Habían pasado ya más de seis meses desde que llegaron los soldados, todo era terrible, el ejército cada vez exigía más y daba menos, como lo hace en casi todo el mundo, incluso la nación ha perdido el control del pueblo en un par de ocasiones, se ha visto como el capitán y los oficiales han salido corriendo, dejando a todos los civiles atrás por lo cruento de las batallas y solo Dios sabe cómo los pobladores habían sobrevivido.

El alcalde murió en una explosión de un cañonazo de la nación al recuperar el pueblo, todos lloraron y el capitán solo dijo que murió como un héroe.
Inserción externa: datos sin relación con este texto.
(* Let $m_0<m$ be the number of true null hypotheses (i.e. $m_0=\#\{i:d^t_i=0\}$), and assume $m_0\ge1$. For the additive-loss procedure with constant threshold $\beta$ (decisions $\hat d_i=I(v_{in}>\beta)$), let $pBFDR_\beta$ be its $pBFDR$. Then for any $0<\alpha<m_0/m$ there exists a sequence $\beta_n\to0$ as $n\to\infty$ such that $\lim_{n\to\infty}pBFDR_{\beta_n}=\alpha$.
   Context: Data and models: $\mathbf X_n=(X_1,\ldots,X_n)$ are the first $n$ coordinates of a process with true distribution $P$; $p(\mathbf X_n)$ is the true joint density and $f_{\boldsymbol\theta}(\mathbf X_n)$ the postulated density for $\boldsymbol\theta=(\theta_1,\ldots,\theta_M)\in\boldsymbol\Theta=\Theta_1\times\cdots\times\Theta_M$ ($M\le\infty$). $\pi$ is a prior, $\pi(\cdot\mid\mathbf X_n)$ the posterior; $E_{\mathbf X_n}$ is expectation over the data under $P$. For $i=1,\ldots,m$ ($m$ finite) one tests $H_{0i}:\theta_i\in\Theta_{0i}$ vs $H_{1i}:\theta_i\in\Theta_{1i}$ with $\Theta_{0i}\cap\Theta_{1i}=\emptyset$, $\Theta_{0i}\cup\Theta_{1i}=\Theta_i$. Decision configurations $\mathbf d\in\mathbb D=\{0,1\}^m$ ($d_i=1$: reject $H_{0i}$); $\mathbf 0$ is the all-zero configuration. KL quantities: $h(\boldsymbol\theta)=\lim_n n^{-1}E_P[\log(p/f_{\boldsymbol\theta})(\mathbf X_n)]$, $J(\boldsymbol\theta)=h(\boldsymbol\theta)-h(\boldsymbol\Theta)$ where $h(A)=\pi\text{-}\operatorname{ess\,inf}_A h$, and $J(A)=\pi\text{-}\operatorname{ess\,inf}_A J$. The true configuration $\mathbf d^t$ is the unique $\mathbf d$ with $J(\prod_{i\le m}\Theta_{d_ii}\times\prod_{i>m}\Theta_i)=J(\boldsymbol\Theta)$, where $\Theta_{d_ii}$ is $\Theta_{0i}$ or $\Theta_{1i}$ according as $d_i=0$ or $1$. Let $\Upsilon_{ki}=\{\boldsymbol\theta:\theta_i\in\Theta_{ki}\}$, $J(H_{ki})=J(\Upsilon_{ki})$ and $v_{in}=\pi(\Upsilon_{1i}\mid\mathbf X_n)$. Standing assumption (conclusion of Shalizi's (2009) theorem under his conditions (S1)–(S7), assumed throughout): for all $i,k$, $\pi(\Upsilon_{ki})>0$ and $\lim_n n^{-1}\log\pi(\Upsilon_{ki}\mid\mathbf X_n)=-J(\Upsilon_{ki})$ a.s.; $J(H_{1i})>0$ if $d^t_i=0$ and $J(H_{0i})>0$ if $d^t_i=1$. Error measures for a procedure with decision indicator $\delta$: $FDR_{\mathbf X_n}=\sum_{\mathbf d}\frac{\sum_i d_i(1-v_{in})}{(\sum_i d_i)\vee1}\delta(\mathbf d\mid\mathbf X_n)$, $pBFDR=E_{\mathbf X_n}[FDR_{\mathbf X_n}\mid\delta(\mathbf 0\mid\mathbf X_n)=0]$. Known fact used (Chandra and Bhattacharya 2017): for each $n$, $\beta\mapsto pBFDR_\beta$ is continuous and non-increasing on $[0,1]$. *)

theory Defs
  imports "HOL-Probability.Probability"
begin

text \<open>The data process lives on a probability space M (the true law P).
  For sample size n, hypothesis index i < m and outcome w, v n i w is the posterior
  probability v_in = pi(Upsilon_1i | X_n) of the alternative H_1i.\<close>

definition add_decision :: "real \<Rightarrow> (nat \<Rightarrow> real) \<Rightarrow> nat \<Rightarrow> bool" where
  "add_decision \<beta> vn i \<longleftrightarrow> vn i > \<beta>"

definition FDR_X :: "nat \<Rightarrow> (nat \<Rightarrow> real) \<Rightarrow> (nat \<Rightarrow> bool) \<Rightarrow> real" where
  "FDR_X m vn d = (\<Sum>i<m. if d i then 1 - vn i else 0) / real (max (card {i. i < m \<and> d i}) 1)"

text \<open>The event that the decision is not the all-zero configuration, i.e. delta(0 | X_n) = 0.\<close>
definition nonnull_event ::
  "'a measure \<Rightarrow> nat \<Rightarrow> (nat \<Rightarrow> nat \<Rightarrow> 'a \<Rightarrow> real) \<Rightarrow> real \<Rightarrow> nat \<Rightarrow> 'a set" where
  "nonnull_event M m v \<beta> n = {w \<in> space M. \<exists>i<m. add_decision \<beta> (\<lambda>j. v n j w) i}"

text \<open>pBFDR_beta at sample size n: E[FDR_X | delta(0|X_n) = 0]
  = E[FDR_X ; event] / P(event) (elementary conditional expectation given an event).\<close>
definition pBFDR ::
  "'a measure \<Rightarrow> nat \<Rightarrow> (nat \<Rightarrow> nat \<Rightarrow> 'a \<Rightarrow> real) \<Rightarrow> nat \<Rightarrow> real \<Rightarrow> real" where
  "pBFDR M m v n \<beta> =
     (\<integral>w. indicator (nonnull_event M m v \<beta> n) w
            * FDR_X m (\<lambda>j. v n j w) (add_decision \<beta> (\<lambda>j. v n j w)) \<partial>M)
     / measure M (nonnull_event M m v \<beta> n)"

end

theory Submission
  imports Defs
begin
Así ha transcurrido todo desde entonces. Marta todos los días hacía pan, cada vez era más difícil conseguir la harina, pero ella se enfocaba en lo que debía hacer, esto la mantenía viva.

Ella hacía pan sin importar si se lo comiesen los de la nación o los enemigos, ella hacía pan.

Marta estaba aburrida, no podía ya sonreír, se sentía impotente al ver a sus vecinos y amigos tan asustados, al pensar que su padre estaba tan lejos y quizá pudiese estar muerto. Sabe que esto no tiene fin, que la guerra duraría más de lo que logre resistir el pueblo y que no quedaría nada.

A pesar de la edad de Marta, después de la muerte del alcalde muchos la tomaban a ella como cabeza de la comunidad, al fin y al cabo, ella alimentaba con su pan a muchos y con su ejemplo motivaba a todos a seguir adelante a pesar de las adversidades.

El ejército había dejado libre de sospecha a Marta por lo que había ocurrido con su padre, de hecho, el capitán se había ido a formar parte del alto mando y en el pueblo solo había soldados ahora comandados por un sargento que era tan estricto y enojado como corto de ideas.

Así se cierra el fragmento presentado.